I think this is why DVC had to make a big push years ago to get even those that didn't extend to sign away their rights to the extra 15 years. I recall this being talked about in one of the DVC Fan videos. It will be interesting to see what happens ahead of 2042. Perhaps Disney is hoping most of OKW has been resold as 2057, but there will likely still be thousands of owners sitting on 2042 deeds.


----------



## Dean

dioxide45 said:


> I think this is why DVC had to make a big push years ago to get even those that didn't extend to sign away their rights to the extra 15 years. I recall this being talked about in one of the DVC Fan videos. It will be interesting to see what happens ahead of 2042. Perhaps Disney is hoping most of OKW has been resold as 2057, but there will likely still be thousands of owners sitting on 2047 deeds.

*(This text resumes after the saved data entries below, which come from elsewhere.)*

(* Let $c>0$, $\omega,\omega^\perp\in S^1$ with $\omega\cdot\omega^\perp=0$, $\omega(c)=\frac{1}{\sqrt{c^2+1}}\binom{c\omega}{-1}\in\mathbb{R}^3$, and $\vartheta=\binom{c(\omega+i\omega^\perp)}{-1}\in\mathbb{C}^3$. Let $p\in\mathbb{R}^3$, $\delta>0$, and $y_1,y_2,y_3\in\mathbb{R}^3$ with $y_j\cdot\omega(c)=p\cdot\omega(c)-\delta$, affinely independent together with $p$. Let $D$ be the interior of the tetrahedron with vertices $p,y_1,y_2,y_3$ and $Q$ the interior of the triangle with vertices $y_1,y_2,y_3$. With $\Delta=\{(\alpha,\beta):\alpha,\beta\ge0,\alpha+\beta\le1\}$, let $\Delta_1,\Delta_2,\Delta_3$ be the images of $\Delta$ under $(\alpha,\beta)\mapsto p+\alpha(y_1-p)+\beta(y_2-p)$, $p+\alpha(y_2-p)+\beta(y_3-p)$, $p+\alpha(y_3-p)+\beta(y_1-p)$ respectively, so that $\partial D=Q\cup\Delta_1\cup\Delta_2\cup\Delta_3$, and let $\nu_j$ be the outward unit normal of $D$ on $\Delta_j$; indices are taken modulo $3$ ($\nu_0=\nu_3$, $\nu_4=\nu_1$). Assume the labeling is such that $$(\nu_1\times\nu_3)\cdot\omega(c)<0,\quad(\nu_2\times\nu_1)\cdot\omega(c)<0,\quad(\nu_3\times\nu_2)\cdot\omega(c)<0.$$ Let $$K_D=2\delta\int_Q\frac{dS(y)}{\Big(\frac{\delta\sqrt{c^2+1}}{c}-i(y-p)\cdot\binom{\omega^\perp}{0}\Big)^{3}}.$$ Then $$K_D\,\vartheta=c^3\sum_{j=1}^3\frac{|(\nu_j\times\nu_{j-1})\times(\nu_{j+1}\times\nu_j)|}{\big((\nu_j\times\nu_{j-1})\cdot\vartheta\big)\big((\nu_{j+1}\times\nu_j)\cdot\vartheta\big)}\,\nu_j.$$
   Context: $\times$ is the cross product in $\mathbb{R}^3$ and $\cdot$ on complex vectors is the bilinear (non-Hermitian) product. *)

theory Defs
  imports "HOL-Analysis.Analysis"
begin

definition bdot :: "complex^3 \<Rightarrow> complex^3 \<Rightarrow> complex" where
  "bdot x z = (\<Sum>i\<in>UNIV. x$i * z$i)"

definition cvec :: "real^3 \<Rightarrow> complex^3" where
  "cvec v = (\<chi> i. complex_of_real (v$i))"

definition omega_c :: "real \<Rightarrow> real^2 \<Rightarrow> real^3" where
  "omega_c c w = (1 / sqrt (c^2 + 1)) *\<^sub>R vector [c * w$1, c * w$2, -1]"

definition vartheta :: "real \<Rightarrow> real^2 \<Rightarrow> real^2 \<Rightarrow> complex^3" where
  "vartheta c w wp = vector [complex_of_real c * (complex_of_real (w$1) + \<i> * complex_of_real (wp$1)),
                             complex_of_real c * (complex_of_real (w$2) + \<i> * complex_of_real (wp$2)),
                             -1]"
lemma holomorphic_divide_Moebius:
  fixes g :: "complex \<Rightarrow> complex"
  assumes holg: "g holomorphic_on ball 0 1"
    and bd: "\<And>z. z \<in> ball 0 1 \<Longrightarrow> norm (g z) \<le> 1"
    and a: "norm a < 1" and ga: "g a = 0"
  obtains h where "h holomorphic_on ball 0 1" "\<And>z. z \<in> ball 0 1 \<Longrightarrow> norm (h z) \<le> 1"
    "\<And>z. z \<in> ball 0 1 \<Longrightarrow> g z = h z * Moebius_function 0 a z"
proof
  define h where
    "h z = (if z = a then deriv g a else (g z - g a) / (z - a)) * (1 - cnj a * z)" for z
  show holh: "h holomorphic_on ball 0 1"
    unfolding h_def using a by (intro holomorphic_intros pole_lemma[OF holg]) auto
  have factor: "g z = h z * Moebius_function 0 a z" if "norm z < 1" for z
    using ga Moebius_denominator_nonzero[OF a that]
    by (cases "z = a") (auto simp: h_def Moebius_function_simple)
  then show "\<And>z. z \<in> ball 0 1 \<Longrightarrow> g z = h z * Moebius_function 0 a z" by simp
  have off_a: "norm (h z) \<le> 1" if "z \<noteq> a" "norm z < 1" for z
  proof -
    have "norm (h z) * norm (Moebius_function 0 a z) \<le> 1 * norm (Moebius_function 0 a z)"
      using norm_le_norm_Moebius_of_zero[OF holg bd a ga that(2)] factor[OF that(2)]
      by (simp add: norm_mult)
    then show ?thesis
      using Moebius_function_nonzero[OF a that(2,1)] by (simp add: mult_le_cancel_right)
  qed
  show "norm (h z) \<le> 1" if "z \<in> ball 0 1" for z
  proof (cases "z = a")
    case True
    have "isCont h a"
      using holh a by (meson centre_in_ball continuous_on_eq_continuous_at
          holomorphic_on_imp_continuous_on mem_ball_0 open_ball zero_less_one)
    then have lim: "(h \<longlongrightarrow> h a) (at a)" by (simp add: isCont_def)
    have "eventually (\<lambda>z. z \<in> ball 0 1 \<and> z \<noteq> a) (at a)"
      using a by (intro eventually_conj eventually_at_in_open') (auto simp: eventually_at_filter)
    then have "eventually (\<lambda>z. norm (h z) \<le> 1) (at a)"
      by eventually_elim (use off_a in auto)
    then have "norm (h a) \<le> 1"
      by (rule tendsto_upperbound[OF tendsto_norm[OF lim]]) simp
    then show ?thesis using True by simp
  qed (use off_a that in auto)
qed
lemma design_defect_radial: "design_defect X w (\<lambda>x. \<phi> (norm x)) = 0"
  unfolding design_defect_def sphere_avg_radial by simp

definition symmetric_under :: "(real^'n::finite \<Rightarrow> real^'n) \<Rightarrow> (real^'n) set \<Rightarrow> (real^'n \<Rightarrow> real) \<Rightarrow> bool" where
  "symmetric_under g X w \<longleftrightarrow> g ` X \<subseteq> X \<and> (\<forall>x\<in>X. w (g x) = w x)"

lemma design_defect_box_symmetry:
  assumes g: "box_symmetry g" and sym: "symmetric_under g X w"
  shows "design_defect X w (\<lambda>x. f (g x)) = design_defect X w f"
proof -
  have inv: "\<And>x. g (g x) = x" using g unfolding box_symmetry_def by blast
  have wg: "\<And>x. x \<in> X \<Longrightarrow> w (g x) = w x" and gX: "g ` X \<subseteq> X"
    using sym unfolding symmetric_under_def by blast+
  have "bij_betw g X X"
  proof (rule bij_betw_imageI)
    show "inj_on g X" by (metis inj_onI inv)
    show "g ` X = X" using gX by (intro image_involution_eq[OF inv]) (metis image_subset_iff inv)
  qed
  then have "(\<Sum>x\<in>X. w (g x) * f (g x)) = (\<Sum>x\<in>X. w x * f x)"
    by (rule sum.reindex_bij_betw)
  then have "(\<Sum>x\<in>X. w x * f (g x)) = (\<Sum>x\<in>X. w x * f x)"
    using wg by simp
  then show ?thesis
    unfolding design_defect_def sphere_avg_box_symmetry[OF g]
    by (simp add: right_diff_distrib sum_subtractf)
qed

section \<open>Polynomials of degree at most three\<close>

lemma continuous_on_monomial_fun: "continuous_on UNIV (monomial_fun \<alpha> :: real^'n::finite \<Rightarrow> real)"
  unfolding monomial_fun_def[abs_def] by (intro continuous_intros)

lemma monomial_fun_reflect_coord:
  "monomial_fun \<alpha> (reflect_coord i x) = (-1) ^ \<alpha> i * monomial_fun \<alpha> x"
proof -
  have "monomial_fun \<alpha> (reflect_coord i x) = (\<Prod>j\<in>UNIV. (if j = i then (-1) ^ \<alpha> j else 1) * (x $ j) ^ \<alpha> j)"
    unfolding monomial_fun_def
  proof (intro prod.cong refl)
    show "(reflect_coord i x $ j) ^ \<alpha> j = (if j = i then (-1) ^ \<alpha> j else 1) * (x $ j) ^ \<alpha> j" for j
      by (cases "j = i") (simp_all add: reflect_coord_def power_minus[of "x $ i"])
  qed
  also have "\<dots> = (-1) ^ \<alpha> i * monomial_fun \<alpha> x"
    unfolding prod.distrib monomial_fun_def by (subst prod.delta) auto
  finally show ?thesis .
qed

lemma monomial_fun_single: "monomial_fun (\<lambda>j. if j = i then p else 0) = (\<lambda>x. (x $ i) ^ p)"
proof
  fix x :: "real^'a"
  have "monomial_fun (\<lambda>j. if j = i then p else 0) x = (\<Prod>j\<in>UNIV. if j = i then (x $ j) ^ p else 1)"
    unfolding monomial_fun_def by (intro prod.cong refl) simp
  also have "\<dots> = (x $ i) ^ p" by (subst prod.delta) auto
  finally show "monomial_fun (\<lambda>j. if j = i then p else 0) x = (x $ i) ^ p" .
qed

lemma design_defect_odd_monomial:
  assumes "symmetric_under (reflect_coord i) X w" and "odd (\<alpha> i)"
  shows "design_defect X w (monomial_fun \<alpha>) = 0"
proof -
  have "design_defect X w (monomial_fun \<alpha>) = design_defect X w (\<lambda>x. monomial_fun \<alpha> (reflect_coord i x))"
    using design_defect_box_symmetry[OF box_symmetry_reflect_coord assms(1)] by simp
  also have "\<dots> = - design_defect X w (monomial_fun \<alpha>)"
    using assms(2) by (simp add: monomial_fun_reflect_coord design_defect_uminus)
  finally show ?thesis by simp
qed

lemma design_defect_coord_square:
  fixes X :: "(real^'n::finite) set"
  assumes "\<And>i j. symmetric_under (swap_coords i j) X w"
  shows "design_defect X w (\<lambda>x. (x $ i)^2) = 0"
proof -
  have same: "design_defect X w (\<lambda>x. (x $ j)^2) = design_defect X w (\<lambda>x. (x $ i)^2)" for j
    using design_defect_box_symmetry[OF box_symmetry_swap_coords[of i j] assms[of i j],
        where f="\<lambda>x. (x $ i)^2"]
    by (simp only: swap_coords_def vec_lambda_beta transpose_apply_first)
  have "real CARD('n) * design_defect X w (\<lambda>x. (x $ i)^2)
      = (\<Sum>j\<in>UNIV. 1 * design_defect X w (\<lambda>x. (x $ j)^2))"
    by (simp add: sum.cong[OF refl same])
  also have "\<dots> = design_defect X w (\<lambda>x. \<Sum>j\<in>UNIV. 1 * (x $ j)^2)"
    by (rule design_defect_sum[symmetric]) (simp_all add: continuous_on_power continuous_on_component)
  also have "\<dots> = design_defect X w (\<lambda>x. norm x ^ 2)"
    unfolding power2_norm_eq_inner inner_vec_def by (simp add: power2_eq_square)
  also have "\<dots> = 0"
    by (rule design_defect_radial)
  finally show ?thesis by simp
qed

lemma even_exponents_degree_le_3:
  fixes \<alpha> :: "'n::finite \<Rightarrow> nat"
  assumes even: "\<And>i. even (\<alpha> i)" and deg: "sum \<alpha> UNIV \<le> 3"
  shows "\<alpha> = (\<lambda>_. 0) \<or> (\<exists>i. \<alpha> = (\<lambda>j. if j = i then 2 else 0))"
proof (cases "\<alpha> = (\<lambda>_. 0)")
  case False
  then obtain i where i: "\<alpha> i \<noteq> 0" by auto
  have split: "sum \<alpha> UNIV = \<alpha> i + sum \<alpha> (UNIV - {i})"
    by (simp add: sum.remove)
  have "even (sum \<alpha> (UNIV - {i}))"
    by (intro dvd_sum) (simp add: even)
  moreover have "\<And>s t :: nat. even s \<Longrightarrow> even t \<Longrightarrow> s \<noteq> 0 \<Longrightarrow> s + t \<le> 3 \<Longrightarrow> s = 2 \<and> t = 0"
    by presburger
  ultimately have "\<alpha> i = 2" and "sum \<alpha> (UNIV - {i}) = 0"
    using even[of i] i split deg by auto
  then have "\<alpha> = (\<lambda>j. if j = i then 2 else 0)" by (auto simp: fun_eq_iff)
  then show ?thesis by blast
qed simp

Likely a Typo, 2042 deeds?  OKW 2057 scares me at this point with the requirement for fees and this issue.  The owners will have to pay the fees and DVC will have to do something to use those rooms for 15 years.  They could resell but I have trouble seeing DVC selling at a price that would actually sells those points, I just don't see them pricing it low enough to do so for a resort that's a moderate in some ways with higher fees than some and only 15 years or less remaining.  I think it more likely they'll try to rent for cash, close down part of the resort or use it for college programs or something similar (or a combination).


----------



## dioxide45

Dean said:


> Likely a Typo, 2042 deeds?  OKW 2057 scares me at this point with the requirement for fees and this issue.  The owners will have to pay the fees and DVC will have to do something to use those rooms for 15 years.  They could resell but I have trouble seeing DVC selling at a price that would actually sells those points, I just don't see them pricing it low enough to do so for a resort that's a moderate in some ways with higher fees than some and only 15 years or less remaining.  I think it more likely they'll try to rent for cash, close down part of the resort or use it for college programs or something similar (or a combination).

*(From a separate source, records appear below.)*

lemma hamming_dist_diff_eq_sum_match_surplus:
  assumes "length (kept_cols n I) = Ktilde S n"
  shows "real (hamming_dist B (Ktilde S n) (G1tilde G1 n I) (\<sigma> \<circ> G2tilde G2 S n))
       - real (hamming_dist B (Ktilde S n) (G1tilde G1 n (I_del S n)) (\<sigma> \<circ> G2tilde G2 S n))
       = (\<Sum>i<B. match_surplus \<sigma> (kept_cols n I) (retained_cols S n) (\<lambda>k. paired_cells B n G1 G2 (i, k)))"
proof -
  define rs where "rs = retained_cols S n"
  define mismatches where "mismatches = (\<lambda>I' i t.
    of_bool (G1 (i, kept_cols n I' ! t) \<noteq> \<sigma> (hd (G2 (i, rs ! t)))) :: real)"
  have hamming: "real (hamming_dist B (Ktilde S n) (G1tilde G1 n I') (\<sigma> \<circ> G2tilde G2 S n))
      = (\<Sum>i<B. \<Sum>t<length rs. mismatches I' i t)" for I'
    unfolding hamming_dist_def of_nat_sum
    by (intro sum.cong refl) (simp_all add: G1tilde_def G2tilde_def kept_cols_def mismatches_def rs_def Ktilde_def)
  have in_range: "kept_cols n I ! t < n" "rs ! t < n" if "t < length rs" for t
    using that assms nth_mem[of t "kept_cols n I"] nth_mem[of t rs]
    by (auto simp: rs_def Ktilde_def set_kept_cols retained_cols_def)
  have "(\<Sum>t<length rs. mismatches I i t - mismatches (I_del S n) i t)
      = match_surplus \<sigma> (kept_cols n I) rs (\<lambda>k. paired_cells B n G1 G2 (i, k))" if "i < B" for i
    unfolding match_surplus_def
    using in_range \<open>i < B\<close>
    by (intro sum.cong refl) (auto simp: mismatches_def paired_cells_def kept_cols_I_del rs_def)
  then show ?thesis
    by (simp add: hamming rs_def flip: sum_subtractf)
qed

lemma prob_channel_output_not_detected_le:
  fixes pX :: "'x::finite pmf" and pYX :: "'x \<Rightarrow> 'x pmf"
  assumes gap: "alignment_gap pX pYX \<sigma> \<ge> 0"
  shows "measure_pmf.prob (channel_output pX pYX B n S)
           {(G1, G2). \<not> deletion_detected \<sigma> B n G1 S G2}
         \<le> 2 ^ n * exp (- real B * (alignment_gap pX pYX \<sigma>)\<^sup>2 / 2)"
proof -
  let ?bound = "exp (- real B * (alignment_gap pX pYX \<sigma>)\<^sup>2 / 2)"
  let ?rs = "retained_cols S n"
  define candidates where
    "candidates = {I. I \<subseteq> {..<n} \<and> card I = n - Ktilde S n \<and> I \<noteq> I_del S n}"
  define confused where "confused = (\<lambda>I. {(G1, G2).
    (\<Sum>i<B. match_surplus \<sigma> (kept_cols n I) ?rs (\<lambda>k. paired_cells B n G1 G2 (i, k))) \<le> 0})"
  have "finite candidates"
    by (rule finite_subset[of _ "Pow {..<n}"]) (auto simp: candidates_def)
  have "card candidates \<le> card (Pow {..<n})"
    by (rule card_mono) (auto simp: candidates_def)
  then have card_candidates: "real (card candidates) \<le> 2 ^ n"
    by (simp add: card_Pow flip: of_nat_le_iff)
  have "{(G1, G2). \<not> deletion_detected \<sigma> B n G1 S G2} \<subseteq> (\<Union>I\<in>candidates. confused I)"
  proof safe
    fix G1 G2 assume "\<not> deletion_detected \<sigma> B n G1 S G2"
    then obtain I where I: "I \<in> candidates"
      and "\<not> hamming_dist B (Ktilde S n) (G1tilde G1 n (I_del S n)) (\<sigma> \<circ> G2tilde G2 S n)
              < hamming_dist B (Ktilde S n) (G1tilde G1 n I) (\<sigma> \<circ> G2tilde G2 S n)"
      unfolding deletion_detected_def Let_def candidates_def by blast
    moreover have "length (kept_cols n I) = Ktilde S n"
      using I by (intro length_kept_cols) (auto simp: candidates_def)
    ultimately have "(G1, G2) \<in> confused I"
      using hamming_dist_diff_eq_sum_match_surplus[of n I S B G1 \<sigma> G2]
      by (simp add: confused_def)
    with I show "(G1, G2) \<in> (\<Union>I\<in>candidates. confused I)"
      by blast
  qed
  then have "measure_pmf.prob (channel_output pX pYX B n S) {(G1, G2). \<not> deletion_detected \<sigma> B n G1 S G2}
      \<le> (\<Sum>I\<in>candidates. measure_pmf.prob (channel_output pX pYX B n S) (confused I))"
    by (intro order_trans[OF measure_pmf.finite_measure_mono
          measure_pmf.finite_measure_subadditive_finite] \<open>finite candidates\<close>) auto
  also have "\<dots> \<le> (\<Sum>I\<in>candidates. ?bound)"
  proof (rule sum_mono)
    fix I assume I: "I \<in> candidates"
    then have len: "length (kept_cols n I) = Ktilde S n"
      by (intro length_kept_cols) (auto simp: candidates_def)
    have "confused I = (\<lambda>(G1, G2). paired_cells B n G1 G2)
        -` {F. (\<Sum>i<B. match_surplus \<sigma> (kept_cols n I) ?rs (\<lambda>k. F (i, k))) \<le> 0}"
      by (auto simp: confused_def)
    then have "measure_pmf.prob (channel_output pX pYX B n S) (confused I)
        = measure_pmf.prob (map_pmf (\<lambda>(G1, G2). paired_cells B n G1 G2) (channel_output pX pYX B n S))
            {F. (\<Sum>i<B. match_surplus \<sigma> (kept_cols n I) ?rs (\<lambda>k. F (i, k))) \<le> 0}"
      by (simp only: measure_map_pmf)
    also have "map_pmf (\<lambda>(G1, G2). paired_cells B n G1 G2) (channel_output pX pYX B n S)
        = Pi_pmf ({..<B} \<times> {..<n}) undefined (\<lambda>c. cell_pmf pX pYX (S (snd c)))"
      by (rule map_paired_cells_channel_output)
    also have "measure_pmf.prob (Pi_pmf ({..<B} \<times> {..<n}) undefined (\<lambda>c. cell_pmf pX pYX (S (snd c))))
        {F. (\<Sum>i<B. match_surplus \<sigma> (kept_cols n I) ?rs (\<lambda>k. F (i, k))) \<le> 0} \<le> ?bound"
    proof (rule prob_sum_match_surplus_nonpos_le)
      fix t assume "t < length ?rs"
      then have "kept_cols n I ! t \<in> set (kept_cols n I)" "?rs ! t \<in> set ?rs"
        using len by (simp_all add: Ktilde_def)
      then show "kept_cols n I ! t < n \<and> ?rs ! t < n"
        by (simp add: set_kept_cols retained_cols_def)
      show "cell_pmf pX pYX (S (snd (i, ?rs ! t))) = joint_pmf pX pYX" for i
        using \<open>?rs ! t \<in> set ?rs\<close> by (intro cell_pmf_retained) (simp add: retained_cols_def)
      show "map_pmf fst (cell_pmf pX pYX (S (snd (i, kept_cols n I ! t)))) = pX" for i
        by (rule map_fst_cell_pmf)
    next
      show "num_misaligned (kept_cols n I) ?rs > 0"
        using I by (intro num_misaligned_kept_cols_pos) (auto simp: candidates_def)
    qed (rule gap)
    finally show "measure_pmf.prob (channel_output pX pYX B n S) (confused I) \<le> ?bound" .
  qed
  also have "\<dots> \<le> 2 ^ n * ?bound"
    using card_candidates by (simp add: mult_right_mono)
  finally show ?thesis .
qed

It is a big resort and I am sure they could rent it for cash on some level, I am just not sure there is enough demand when you consider all the other 2042 resorts. I doubt they really have a solution for 2042 deeds. For some resorts, it may just be a teardown and rebuild or a big overhaul. Aging buildings are a big problem when it comes to maintenance, so rebuilds are probably a better way to go. By 2057 those OKW buildings will be 67 years old. I suppose they could use it for other programs, but they already have infrastructure to support those. Without a new gate, there really wouldn't be a need for more housing for staff.


----------



## Dean

dioxide45 said:


> It is a big resort and I am sure they could rent it for cash on some level, I am just not sure there is enough demand when you consider all the other 2042 resorts. I doubt they really have a solution for 2042 deeds. For some resorts, it may just be a teardown and rebuild or a big overhaul. Aging buildings are a big problem when it comes to maintenance, so rebuilds are probably a better way to go. By 2057 those OKW buildings will be 67 years old. I suppose they could use it for other programs, but they already have infrastructure to support those. Without a new gate, there really wouldn't be a need for more housing for staff.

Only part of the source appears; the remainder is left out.